◆ What is needed
Write down every entry below once more, exactly.

◆ Stored entries
definition cyc :: "(nat \<Rightarrow> nat) \<Rightarrow> nat \<Rightarrow> nat set" where
  "cyc p x = {(p ^^ k) x | k. True}"

text \<open>Cycle type: multiset of the lengths of all cycles of p on {1..n},
  fixed points counted as cycles of length 1.\<close>
definition cycle_type :: "nat \<Rightarrow> (nat \<Rightarrow> nat) \<Rightarrow> nat multiset" where
  "cycle_type n p = image_mset card (mset_set (cyc p ` {1..n}))"

definition Hm1 :: "nat \<Rightarrow> (nat \<Rightarrow> nat) set set" where
  "Hm1 n = {{p \<in> Sym n. (p ` A = A \<and> p ` B = B) \<or> (p ` A = B \<and> p ` B = A)} | A B.
              A \<union> B = {1..n} \<and> A \<inter> B = {} \<and> card A = n div 2 \<and> card B = n div 2}"

definition Hpos :: "nat \<Rightarrow> nat \<Rightarrow> (nat \<Rightarrow> nat) set set" where
  "Hpos n i = {{p \<in> Sym n. p ` S = S} | S. S \<subseteq> {1..n} \<and> card S = i}"

definition HH :: "nat \<Rightarrow> (nat \<Rightarrow> nat) set set" where
  "HH n = Hm1 n \<union> {Alt n} \<union> (\<Union>i\<in>{1..n div 3 - 1}. Hpos n i)"

definition Pm1 :: "nat \<Rightarrow> (nat \<Rightarrow> nat) set" where
  "Pm1 n = {p \<in> Sym n. cycle_type n p = {#n#}}"

definition P0 :: "nat \<Rightarrow> (nat \<Rightarrow> nat) set" where
  "P0 n = {p \<in> Sym n. cycle_type n p =
     (if even (n div 2) then {#n div 2 - 1, n div 2 + 1#} else {#n div 2 - 2, n div 2 + 2#})}"

definition P1 :: "nat \<Rightarrow> (nat \<Rightarrow> nat) set" where
  "P1 n = {p \<in> Sym n. cycle_type n p = {#1, n div 2 - 2, n div 2 + 1#}}"

definition Pi_i :: "nat \<Rightarrow> nat \<Rightarrow> (nat \<Rightarrow> nat) set" where
  "Pi_i n i = {p \<in> Sym n.
     (odd i \<and> 3 \<le> i \<and> cycle_type n p = {#i, (n - i - 1) div 2, (n - i + 1) div 2#})
   \<or> (even i \<and> 2 \<le> i \<and> odd ((n - i) div 2) \<and>
        cycle_type n p = {#i, (n - i) div 2, (n - i) div 2#})
   \<or> (even i \<and> 4 \<le> i \<and> even ((n - i) div 2) \<and>
        cycle_type n p = {#i, (n - i) div 2 - 1, (n - i) div 2 + 1#})
   \<or> (i = 2 \<and> even ((n - 2) div 2) \<and> cycle_type n p = {#2, n div 2 - 4, n div 2 + 2#})}"

definition PP :: "nat \<Rightarrow> (nat \<Rightarrow> nat) set" where
  "PP n = Pm1 n \<union> P0 n \<union> P1 n \<union> (\<Union>i\<in>{2..n div 3 - 1}. Pi_i n i)"

end

theory Submission
  imports Defs "HOL-Combinatorics.Cycles" "HOL-Combinatorics.Orbits"
begin

text \<open>
  A set invariant under a permutation p is a union of cycles of p. Hence p stabilises a set of
  size i only if some of its cycle lengths add up to i, it can preserve the two halves of a
  partition of type (n/2, n/2) only if some cycle lengths add up to n/2, it can swap the two
  halves only if all its cycles have even length, and it lies in A_n iff n plus the number of
  cycles is even. For the cycle types in \<Pi> these constraints leave exactly one member of
  \<H> containing p: A_n if p has two cycles, the stabiliser of the short cycle if p has three
  cycles, and, for an n-cycle, the stabiliser of the partition into the two alternate halves of
  the cycle, which is the only partition an n-cycle can swap.
\<close>

lemma cyc_eq_orbit: "permutation p \<Longrightarrow> cyc p x = orbit p x"
  by (simp add: cyc_def orbit_altdef_permutation)

lemma orbit_eq_of_mem: "permutation p \<Longrightarrow> y \<in> orbit p x \<Longrightarrow> orbit p y = orbit p x"
  by (metis cyclic_on_orbit' orbit_cyclic_eq3)

lemma orbit_subset_of_image_subset:
  assumes "p ` S \<subseteq> S" "x \<in> S" shows "orbit p x \<subseteq> S"
proof
  fix y assume "y \<in> orbit p x"
  then show "y \<in> S" by induct (use assms in auto)
qed

lemma Union_orbits:
  assumes "p permutes U" "finite U"
  shows "\<Union> (orbit p ` U) = U"
proof -
  have "permutation p" using assms by (auto simp: permutation_permutes)
  then show ?thesis
    using assms(1) by (auto dest: permutes_orbit_subset intro: permutation_self_in_orbit)
qed

lemma disjoint_orbits: "permutation p \<Longrightarrow> disjoint (orbit p ` U)"
  by (auto simp: pairwise_def disjnt_def dest: orbit_eq_of_mem)

lemma image_orbit: "permutation p \<Longrightarrow> p ` orbit p x = orbit p x"
  by (metis orbit_inverse permutation_orbit_step permutation_self_in_orbit)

◆ Worked solution
definition cyc :: "(nat \<Rightarrow> nat) \<Rightarrow> nat \<Rightarrow> nat set" where
  "cyc p x = {(p ^^ k) x | k. True}"

text \<open>Cycle type: multiset of the lengths of all cycles of p on {1..n},
  fixed points counted as cycles of length 1.\<close>
definition cycle_type :: "nat \<Rightarrow> (nat \<Rightarrow> nat) \<Rightarrow> nat multiset" where
  "cycle_type n p = image_mset card (mset_set (cyc p ` {1..n}))"

definition Hm1 :: "nat \<Rightarrow> (nat \<Rightarrow> nat) set set" where
  "Hm1 n = {{p \<in> Sym n. (p ` A = A \<and> p ` B = B) \<or> (p ` A = B \<and> p ` B = A)} | A B.
              A \<union> B = {1..n} \<and> A \<inter> B = {} \<and> card A = n div 2 \<and> card B = n div 2}"

definition Hpos :: "nat \<Rightarrow> nat \<Rightarrow> (nat \<Rightarrow> nat) set set" where
  "Hpos n i = {{p \<in> Sym n. p ` S = S} | S. S \<subseteq> {1..n} \<and> card S = i}"

definition HH :: "nat \<Rightarrow> (nat \<Rightarrow> nat) set set" where
  "HH n = Hm1 n \<union> {Alt n} \<union> (\<Union>i\<in>{1..n div 3 - 1}. Hpos n i)"

definition Pm1 :: "nat \<Rightarrow> (nat \<Rightarrow> nat) set" where
  "Pm1 n = {p \<in> Sym n. cycle_type n p = {#n#}}"

definition P0 :: "nat \<Rightarrow> (nat \<Rightarrow> nat) set" where
  "P0 n = {p \<in> Sym n. cycle_type n p =
     (if even (n div 2) then {#n div 2 - 1, n div 2 + 1#} else {#n div 2 - 2, n div 2 + 2#})}"

definition P1 :: "nat \<Rightarrow> (nat \<Rightarrow> nat) set" where
  "P1 n = {p \<in> Sym n. cycle_type n p = {#1, n div 2 - 2, n div 2 + 1#}}"

definition Pi_i :: "nat \<Rightarrow> nat \<Rightarrow> (nat \<Rightarrow> nat) set" where
  "Pi_i n i = {p \<in> Sym n.
     (odd i \<and> 3 \<le> i \<and> cycle_type n p = {#i, (n - i - 1) div 2, (n - i + 1) div 2#})
   \<or> (even i \<and> 2 \<le> i \<and> odd ((n - i) div 2) \<and>
        cycle_type n p = {#i, (n - i) div 2, (n - i) div 2#})
   \<or> (even i \<and> 4 \<le> i \<and> even ((n - i) div 2) \<and>
        cycle_type n p = {#i, (n - i) div 2 - 1, (n - i) div 2 + 1#})
   \<or> (i = 2 \<and> even ((n - 2) div 2) \<and> cycle_type n p = {#2, n div 2 - 4, n div 2 + 2#})}"

definition PP :: "nat \<Rightarrow> (nat \<Rightarrow> nat) set" where
  "PP n = Pm1 n \<union> P0 n \<union> P1 n \<union> (\<Union>i\<in>{2..n div 3 - 1}. Pi_i n i)"

end

theory Submission
  imports Defs "HOL-Combinatorics.Cycles" "HOL-Combinatorics.Orbits"
begin

text \<open>
  A set invariant under a permutation p is a union of cycles of p. Hence p stabilises a set of
  size i only if some of its cycle lengths add up to i, it can preserve the two halves of a
  partition of type (n/2, n/2) only if some cycle lengths add up to n/2, it can swap the two
  halves only if all its cycles have even length, and it lies in A_n iff n plus the number of
  cycles is even. For the cycle types in \<Pi> these constraints leave exactly one member of
  \<H> containing p: A_n if p has two cycles, the stabiliser of the short cycle if p has three
  cycles, and, for an n-cycle, the stabiliser of the partition into the two alternate halves of
  the cycle, which is the only partition an n-cycle can swap.
\<close>

lemma cyc_eq_orbit: "permutation p \<Longrightarrow> cyc p x = orbit p x"
  by (simp add: cyc_def orbit_altdef_permutation)

lemma orbit_eq_of_mem: "permutation p \<Longrightarrow> y \<in> orbit p x \<Longrightarrow> orbit p y = orbit p x"
  by (metis cyclic_on_orbit' orbit_cyclic_eq3)

lemma orbit_subset_of_image_subset:
  assumes "p ` S \<subseteq> S" "x \<in> S" shows "orbit p x \<subseteq> S"
proof
  fix y assume "y \<in> orbit p x"
  then show "y \<in> S" by induct (use assms in auto)
qed

lemma Union_orbits:
  assumes "p permutes U" "finite U"
  shows "\<Union> (orbit p ` U) = U"
proof -
  have "permutation p" using assms by (auto simp: permutation_permutes)
  then show ?thesis
    using assms(1) by (auto dest: permutes_orbit_subset intro: permutation_self_in_orbit)
qed

lemma disjoint_orbits: "permutation p \<Longrightarrow> disjoint (orbit p ` U)"
  by (auto simp: pairwise_def disjnt_def dest: orbit_eq_of_mem)

lemma image_orbit: "permutation p \<Longrightarrow> p ` orbit p x = orbit p x"
  by (metis orbit_inverse permutation_orbit_step permutation_self_in_orbit)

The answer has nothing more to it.